----- INPUT RECORDS -----

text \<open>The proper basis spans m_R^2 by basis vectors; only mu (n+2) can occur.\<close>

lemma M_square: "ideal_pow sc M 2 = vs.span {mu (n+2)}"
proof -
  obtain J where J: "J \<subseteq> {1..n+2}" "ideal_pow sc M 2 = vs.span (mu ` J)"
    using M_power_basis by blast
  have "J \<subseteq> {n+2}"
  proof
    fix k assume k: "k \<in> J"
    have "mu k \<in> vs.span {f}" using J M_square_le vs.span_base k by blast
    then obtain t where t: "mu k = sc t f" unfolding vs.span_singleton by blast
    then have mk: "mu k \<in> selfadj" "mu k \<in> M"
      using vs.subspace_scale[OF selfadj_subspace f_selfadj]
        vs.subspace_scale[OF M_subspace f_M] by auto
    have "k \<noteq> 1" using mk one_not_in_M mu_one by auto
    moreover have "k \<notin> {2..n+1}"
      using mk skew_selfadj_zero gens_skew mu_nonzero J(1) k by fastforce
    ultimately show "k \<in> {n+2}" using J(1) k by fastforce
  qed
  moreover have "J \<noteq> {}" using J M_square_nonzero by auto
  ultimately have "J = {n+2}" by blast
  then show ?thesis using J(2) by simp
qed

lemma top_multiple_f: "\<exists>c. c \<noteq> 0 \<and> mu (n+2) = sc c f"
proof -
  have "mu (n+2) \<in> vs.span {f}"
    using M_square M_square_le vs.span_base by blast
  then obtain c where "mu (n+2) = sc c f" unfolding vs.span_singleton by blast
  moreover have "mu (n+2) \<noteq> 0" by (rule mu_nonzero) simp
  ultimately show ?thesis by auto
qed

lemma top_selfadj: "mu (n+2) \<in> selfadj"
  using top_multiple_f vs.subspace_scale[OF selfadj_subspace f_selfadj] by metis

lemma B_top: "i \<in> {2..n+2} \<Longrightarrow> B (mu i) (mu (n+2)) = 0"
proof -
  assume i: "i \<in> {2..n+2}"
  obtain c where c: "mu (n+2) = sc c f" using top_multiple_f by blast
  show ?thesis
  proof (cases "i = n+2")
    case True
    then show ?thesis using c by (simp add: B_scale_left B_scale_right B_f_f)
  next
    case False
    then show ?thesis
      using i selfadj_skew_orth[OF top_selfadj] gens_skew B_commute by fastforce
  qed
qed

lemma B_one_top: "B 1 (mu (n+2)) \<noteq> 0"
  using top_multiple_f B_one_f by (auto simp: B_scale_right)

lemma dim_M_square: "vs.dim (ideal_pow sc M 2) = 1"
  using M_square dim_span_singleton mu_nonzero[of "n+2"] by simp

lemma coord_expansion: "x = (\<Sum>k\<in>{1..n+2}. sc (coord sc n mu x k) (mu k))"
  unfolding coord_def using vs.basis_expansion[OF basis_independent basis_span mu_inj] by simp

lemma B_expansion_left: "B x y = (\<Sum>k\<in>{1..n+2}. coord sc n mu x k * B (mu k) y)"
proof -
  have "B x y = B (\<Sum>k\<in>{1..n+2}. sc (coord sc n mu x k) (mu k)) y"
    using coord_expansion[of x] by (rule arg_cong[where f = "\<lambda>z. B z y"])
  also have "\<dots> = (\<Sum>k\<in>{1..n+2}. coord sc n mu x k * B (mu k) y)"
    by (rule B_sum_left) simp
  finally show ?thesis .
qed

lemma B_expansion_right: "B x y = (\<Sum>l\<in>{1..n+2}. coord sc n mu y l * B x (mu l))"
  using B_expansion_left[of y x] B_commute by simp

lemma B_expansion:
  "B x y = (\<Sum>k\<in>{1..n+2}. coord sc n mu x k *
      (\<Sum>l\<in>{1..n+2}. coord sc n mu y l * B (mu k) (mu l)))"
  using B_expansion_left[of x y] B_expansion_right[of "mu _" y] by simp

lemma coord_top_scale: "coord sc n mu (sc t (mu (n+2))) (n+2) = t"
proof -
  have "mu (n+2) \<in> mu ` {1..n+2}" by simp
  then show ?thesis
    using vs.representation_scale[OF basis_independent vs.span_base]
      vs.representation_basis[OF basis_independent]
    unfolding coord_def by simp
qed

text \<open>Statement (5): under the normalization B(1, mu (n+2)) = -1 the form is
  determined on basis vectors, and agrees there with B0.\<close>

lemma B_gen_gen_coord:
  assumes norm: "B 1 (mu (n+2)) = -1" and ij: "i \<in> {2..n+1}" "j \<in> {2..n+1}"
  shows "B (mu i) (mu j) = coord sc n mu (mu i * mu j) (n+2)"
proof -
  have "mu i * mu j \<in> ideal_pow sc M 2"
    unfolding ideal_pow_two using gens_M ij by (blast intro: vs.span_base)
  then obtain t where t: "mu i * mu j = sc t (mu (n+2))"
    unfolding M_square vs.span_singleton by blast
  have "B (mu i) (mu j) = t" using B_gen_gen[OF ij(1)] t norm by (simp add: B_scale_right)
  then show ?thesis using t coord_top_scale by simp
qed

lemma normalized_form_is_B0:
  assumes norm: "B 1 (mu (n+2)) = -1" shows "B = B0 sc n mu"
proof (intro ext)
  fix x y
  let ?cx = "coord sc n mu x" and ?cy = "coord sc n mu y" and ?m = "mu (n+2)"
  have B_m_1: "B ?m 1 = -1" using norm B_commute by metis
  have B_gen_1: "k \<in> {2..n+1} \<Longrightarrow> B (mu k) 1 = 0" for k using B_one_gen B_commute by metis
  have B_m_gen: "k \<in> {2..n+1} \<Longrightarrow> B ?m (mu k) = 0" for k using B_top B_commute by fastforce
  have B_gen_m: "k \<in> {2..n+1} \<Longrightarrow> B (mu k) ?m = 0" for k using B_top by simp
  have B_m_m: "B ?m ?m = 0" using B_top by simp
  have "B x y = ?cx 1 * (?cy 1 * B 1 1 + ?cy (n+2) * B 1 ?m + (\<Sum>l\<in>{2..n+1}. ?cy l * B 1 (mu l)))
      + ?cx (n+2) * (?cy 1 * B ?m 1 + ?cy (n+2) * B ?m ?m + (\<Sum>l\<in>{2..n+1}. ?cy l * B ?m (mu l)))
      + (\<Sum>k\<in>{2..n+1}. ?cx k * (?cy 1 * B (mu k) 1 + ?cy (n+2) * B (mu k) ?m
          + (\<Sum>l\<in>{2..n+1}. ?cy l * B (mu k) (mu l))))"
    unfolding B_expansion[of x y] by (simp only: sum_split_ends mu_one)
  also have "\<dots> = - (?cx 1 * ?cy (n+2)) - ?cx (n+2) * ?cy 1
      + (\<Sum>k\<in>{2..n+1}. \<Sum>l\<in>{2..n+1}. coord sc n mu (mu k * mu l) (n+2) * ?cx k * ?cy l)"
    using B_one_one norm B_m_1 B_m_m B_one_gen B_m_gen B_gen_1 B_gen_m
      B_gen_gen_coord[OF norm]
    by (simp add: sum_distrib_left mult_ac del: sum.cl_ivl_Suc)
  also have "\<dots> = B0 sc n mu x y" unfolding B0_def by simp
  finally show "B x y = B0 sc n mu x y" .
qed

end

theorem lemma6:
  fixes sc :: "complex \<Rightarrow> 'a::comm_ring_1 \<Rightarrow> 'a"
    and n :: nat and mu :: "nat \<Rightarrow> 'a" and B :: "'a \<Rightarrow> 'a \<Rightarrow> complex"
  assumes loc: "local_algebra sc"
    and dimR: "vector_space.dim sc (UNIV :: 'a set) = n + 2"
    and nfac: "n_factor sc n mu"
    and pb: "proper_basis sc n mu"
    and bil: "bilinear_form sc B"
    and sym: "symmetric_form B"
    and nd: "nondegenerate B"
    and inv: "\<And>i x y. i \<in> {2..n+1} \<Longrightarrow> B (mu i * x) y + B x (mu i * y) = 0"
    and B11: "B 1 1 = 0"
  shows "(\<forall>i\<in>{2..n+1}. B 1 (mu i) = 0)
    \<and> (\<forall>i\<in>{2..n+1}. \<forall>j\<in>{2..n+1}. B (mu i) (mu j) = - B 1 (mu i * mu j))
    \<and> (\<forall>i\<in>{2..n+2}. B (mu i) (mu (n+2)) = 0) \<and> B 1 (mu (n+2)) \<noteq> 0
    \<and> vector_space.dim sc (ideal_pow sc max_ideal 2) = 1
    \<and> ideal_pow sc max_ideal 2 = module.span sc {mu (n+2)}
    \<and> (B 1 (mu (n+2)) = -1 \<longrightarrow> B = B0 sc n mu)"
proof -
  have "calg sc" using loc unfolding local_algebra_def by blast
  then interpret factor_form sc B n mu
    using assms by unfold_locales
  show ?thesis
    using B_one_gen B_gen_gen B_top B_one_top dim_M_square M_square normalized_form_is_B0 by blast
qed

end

-----

• [WHAT IS BEING ASKED]
Only the lines above that include the word "close" belong in the answer; copy each one.

• [RESULT]
text \<open>The proper basis spans m_R^2 by basis vectors; only mu (n+2) can occur.\<close>
  determined on basis vectors, and agrees there with B0.\<close>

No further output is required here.